И это замечание показалось мне любопытным и стоящим.

— Но по-русски тоже неплохо, — заметил я.

— Не то что неплохо, а даже хорошо, но все-таки на один-два градуса слабее. У Цезаря ведь не просто информация о том, что пришел, увидел и победил, а к тому же  х у д о ж е с т в о…

— А теперь давай вернемся «к Испании»… — подтолкнул я Олега ближе к теме.

— Да я и не уходил от нее! Тут все взаимосвязано. Митридата убрали за строптивость, и царем поставили Котиса, который в своем холопстве даже взял римское имя, стал называться Тиберием Юлием Котисом, а императора величал спасителем и благодетелем. Впрочем, «Тибериями Юлиями», случалось, становились и кельты, и германцы, и африканцы, и даже иудеи…

— Тут есть, может быть, и более общая закономерность? — заметил я. — Имя, заимствованное у господствующего народа…

— Конечно, — согласился Олег. — Такое, римское в данном случае, имя, как ошейник, как уздечка — хоть и украшенные серебром, они все-таки ошейник и уздечка, — знак покорности, подчиненности.

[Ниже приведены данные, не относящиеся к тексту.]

section \<open>Binomial sums\<close>

lemma inner_index_SucE:
  assumes "1 \<le> k" and "k < n"
  obtains p q where "k = Suc p" and "n - k = Suc q"
  using assms by (metis Suc_diff_1 less_imp_Suc_add zero_less_diff le_less_trans less_one
      not_less_zero nat_less_le)

definition binom_sum :: "'a::comm_ring_1 \<Rightarrow> nat \<Rightarrow> nat \<Rightarrow> 'a" where
  "binom_sum z p q = (\<Sum>i\<le>p + q. of_nat ((p choose i) * (q choose i)) * z ^ i)"

definition binom_sum_shift :: "'a::comm_ring_1 \<Rightarrow> nat \<Rightarrow> nat \<Rightarrow> 'a" where
  "binom_sum_shift z p q = (\<Sum>i\<le>p + q. of_nat ((p choose Suc i) * (q choose i)) * z ^ Suc i)"

lemma binom_sum_commute: "binom_sum z p q = binom_sum z q p"
  unfolding binom_sum_def by (simp add: add.commute mult.commute)

lemma binom_sum_0_left [simp]: "binom_sum z 0 q = 1"
  unfolding binom_sum_def by (simp add: atMost_atLeast0 sum.atLeast_Suc_atMost binomial_eq_0)

lemma binom_sum_shift_0_left [simp]: "binom_sum_shift z 0 q = 0"
  unfolding binom_sum_shift_def by simp

lemma binom_sum_extend:
  "binom_sum z p q = (\<Sum>i\<le>Suc (p + q). of_nat ((p choose i) * (q choose i)) * z ^ i)"
  unfolding binom_sum_def by (simp add: binomial_eq_0)

lemma binom_sum_shift_Suc_left:
  "binom_sum_shift z (Suc p) q = binom_sum_shift z p q + z * binom_sum z p q"
proof -
  have "binom_sum_shift z (Suc p) q =
      (\<Sum>i\<le>Suc (p + q). of_nat ((p choose Suc i) * (q choose i)) * z ^ Suc i)
      + (\<Sum>i\<le>Suc (p + q). of_nat ((p choose i) * (q choose i)) * z ^ Suc i)"
    unfolding binom_sum_shift_def by (simp add: algebra_simps sum.distrib)
  also have "\<dots> = binom_sum_shift z p q + z * binom_sum z p q"
    unfolding binom_sum_shift_def binom_sum_extend
    by (simp add: binomial_eq_0 sum_distrib_left algebra_simps)
  finally show ?thesis .
qed

lemma binom_sum_Suc_left:
  "binom_sum z (Suc p) q = binom_sum z p q + binom_sum_shift z q p"
proof -
  have "binom_sum z (Suc p) q =
      1 + (\<Sum>i\<le>p + q. of_nat ((Suc p choose Suc i) * (q choose Suc i)) * z ^ Suc i)"
    unfolding binom_sum_def by (simp add: sum.atMost_Suc_shift del: sum.atMost_Suc)
  also have "\<dots> = (1 + (\<Sum>i\<le>p + q. of_nat ((p choose Suc i) * (q choose Suc i)) * z ^ Suc i))
      + (\<Sum>i\<le>p + q. of_nat ((p choose i) * (q choose Suc i)) * z ^ Suc i)"
    by (simp add: algebra_simps sum.distrib)
  also have "1 + (\<Sum>i\<le>p + q. of_nat ((p choose Suc i) * (q choose Suc i)) * z ^ Suc i)
      = binom_sum z p q"
    unfolding binom_sum_extend by (simp add: sum.atMost_Suc_shift del: sum.atMost_Suc)
  also have "(\<Sum>i\<le>p + q. of_nat ((p choose i) * (q choose Suc i)) * z ^ Suc i)
      = binom_sum_shift z q p"
    unfolding binom_sum_shift_def by (simp add: add.commute mult.commute)
  finally show ?thesis .
qed

lemma binom_sum_of_real:
  "binom_sum (of_real r) p q = (of_real (binom_sum r p q) :: 'a::{real_algebra_1,comm_ring_1})"
  by (simp add: binom_sum_def)

lemma binom_sum_shift_of_real:
  "binom_sum_shift (of_real r) p q
    = (of_real (binom_sum_shift r p q) :: 'a::{real_algebra_1,comm_ring_1})"
  by (simp add: binom_sum_shift_def)

definition binom_sum_antideriv :: "'a::field_char_0 \<Rightarrow> nat \<Rightarrow> nat \<Rightarrow> 'a" where
  "binom_sum_antideriv z p q =
     (\<Sum>i\<le>p + q. of_nat ((p choose i) * (q choose i)) * z ^ Suc i / of_nat (Suc i))"

lemma binom_sum_antideriv_commute: "binom_sum_antideriv z p q = binom_sum_antideriv z q p"
  unfolding binom_sum_antideriv_def
  by (simp only: add.commute[of p q] mult.commute[of "p choose _"])

lemma Suc_mult_binom_sum_antideriv:
  "of_nat (Suc p) * binom_sum_antideriv z p q = binom_sum_shift z p q + z * binom_sum z p q"
proof -
  have "of_nat (Suc p) * (of_nat ((p choose i) * (q choose i)) * z ^ Suc i / of_nat (Suc i))
      = of_nat ((p choose Suc i) * (q choose i)) * z ^ Suc i
        + z * (of_nat ((p choose i) * (q choose i)) * z ^ i)"
    for i :: nat
  proof -
    have "Suc p * (p choose i) = ((p choose Suc i) + (p choose i)) * Suc i"
      using Suc_times_binomial_eq[of p i] by simp
    then have binom: "of_nat (Suc p) * of_nat (p choose i)
        = (of_nat (p choose Suc i) + of_nat (p choose i)) * (of_nat (Suc i) :: 'a)"
      by (metis of_nat_add of_nat_mult)
    have "of_nat (Suc p) * (of_nat ((p choose i) * (q choose i)) * z ^ Suc i / of_nat (Suc i))
        = of_nat (Suc p) * of_nat (p choose i) * (of_nat (q choose i) * z ^ Suc i)
          / (of_nat (Suc i) :: 'a)"
      by (simp only: of_nat_mult mult_ac times_divide_eq_right)
    also have "\<dots>
        = (of_nat (p choose Suc i) + of_nat (p choose i)) * (of_nat (q choose i) * z ^ Suc i)"
      unfolding binom by (simp del: of_nat_Suc)
    finally show ?thesis
      by (simp add: algebra_simps)
  qed
  then show ?thesis
    unfolding binom_sum_antideriv_def binom_sum_shift_def binom_sum_def
    by (simp add: sum_distrib_left sum.distrib)
qed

Но в краях эллинского либо восточного влияния это распространилось меньше, здесь не стыдились своих исконных имен, а Боспор по культуре, по языку был страной греческих традиций… Ладно, а то мы в самом деле отвлеклись. Дидий Галл — больше я его не вспомню — сделал свое дело и ушел. Однако оставил рядом с Котисом некоего Юлия Аквилу во главе нескольких когорт. Таких нянек римляне часто оставляли возле местных царьков и князьков. Для надежности. Вообще надо отдать должное римлянам: они первыми во всех подробностях разработали бюрократический аппарат; до винтика — структура, регламент, чины, должности, награды, наказания — продумали военную машину и — очень важно! — механизм оккупации (тут их вклад в цивилизацию переоценить невозможно). Человечество до сих пор вкушает эти плоды…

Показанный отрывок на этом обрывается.